13 is a prime number, divisible only by itself and 1. Perm 13 and you get 31, which is also a prime number. The same is true of 17, 37 and 79. There are only two possible permutations – 2 x 1 – of a two-digit number, so base-10 is terminally permal for two-digit primes:

```13, 31
17, 71
37, 73
79, 97
```

What about three-digit primes? Now there are six possible permutations: 3 x 2 x 1. But base-10 is not terminally permal for three-digit primes.
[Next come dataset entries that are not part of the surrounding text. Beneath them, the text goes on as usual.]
lemma sum_nabsc_push_walk_less:
  assumes "push_at \<nu> g k k'"
  shows "(\<Sum>y<ncount g. nabsc (push_walk g k k') y) < (\<Sum>y<ncount g. nabsc g y)"
proof (rule sum_strict_mono_ex1)
  show "finite {..<ncount g}" by simp
  have k: "k < length g" "g ! k = N" "k < k'"
    using assms unfolding push_at_def by auto
  have drop: "nabsc (push_walk g k k') y = (if ncount (take k g) \<le> y \<and> y < ncount (take k' g)
      then nabsc g y - 1 else nabsc g y)" for y
    using profile_push_walk[OF assms, of "Suc y"] by (auto split: if_splits)
  then show "\<forall>y\<in>{..<ncount g}. nabsc (push_walk g k k') y \<le> nabsc g y"
    by simp
  have "ncount (take k g) < ncount (take k' g)"
    using ncount_take_mono[of "Suc k" k' g] k by (simp add: take_Suc_conv_app_nth)
  moreover have "0 < nabsc g (ncount (take k g))"
    using push_at_split(1)[OF assms] nabsc_at_N_step[OF k(1,2)] by simp
  ultimately show "\<exists>y\<in>{..<ncount g}. nabsc (push_walk g k k') y < nabsc g y"
    using drop[of "ncount (take k g)"] ncount_take_le[of k' g]
    by (intro bexI[of _ "ncount (take k g)"]) auto
qed

lemma push_at_ell_greater:
  assumes push: "push_at \<nu> g k k'" and m: "k < m" "m < k'"
  shows "ell \<nu> g k < ell \<nu> g m"
proof -
  have k: "k < length g" "g ! k = N" "k' \<le> length g"
    and avoid: "\<And>m. k < m \<Longrightarrow> m < k' \<Longrightarrow> ell \<nu> g m \<noteq> ell \<nu> g k"
    using push unfolding push_at_def by auto
  from m have "Suc k \<le> m" by simp
  then show ?thesis
    using \<open>m < k'\<close>
  proof (induction m rule: dec_induct)
    case base
    then show ?case
      using ell_le_Suc_at_N_step[OF k(1,2), where \<nu> = \<nu>] avoid[of "Suc k"] by fastforce
  next
    case (step m)
    then show ?case
      using ell_Suc_ge[of m g \<nu>] avoid[of "Suc m"] k(3) by fastforce
  qed
qed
This is the best it does:

```149, 419, 491, 941
179, 197, 719, 971
379, 397, 739, 937
```

Fortunately, we aren’t restricted to base-10. Take a step up and you’ll find that base-11 is terminally permal for three-digit primes (139 in base-11 = 1 x 11^2 + 3 x 11 + 9 = 163 in base-10):

```139, 193, 319, 391, 913, 931 (6 primes) (base=11)

163, 223, 383, 463, 1103, 1123 (base=10)
```

Four-digit primes have twenty-four possible permutations – 4 x 3 x 2 x 1 – and base-10 again falls short:

```1237, 1327, 1723, 2137, 2371,
2713, 2731, 3217, 3271, 7213,
7321 (11 primes)

1279, 1297, 2179, 2719, 2791,
2917, 2971, 7129, 7219, 9127,
9721
```

For four-digit primes, the most permal base I’ve discovered so far is base-13 (where B represents [11]):

```134B, 13B4, 14B3, 1B34, 1B43,
314B, 31B4, 34B1, 3B14, 413B,
41B3, 431B, 43B1, 4B13, 4B31,
B134, B143, B314, B413 (19 primes) (base=13)

2767, 2851, 3019, 4099, 4111,
6823, 6907, 7411, 8467, 9007,
9103, 9319, 9439, 10663, 10687,
24379, 24391, 24691, 24859 (base=10)
```

Is there a base in which all permutations of some four-digit number are prime? I think so, but I haven’t found it yet. Is there always some base, b, in which all permutations of some d-digit number are prime? Is there an infinity of bases in which all permutations of some d-digit number are prime? Easy to ask, difficult to answer. For me, anyway.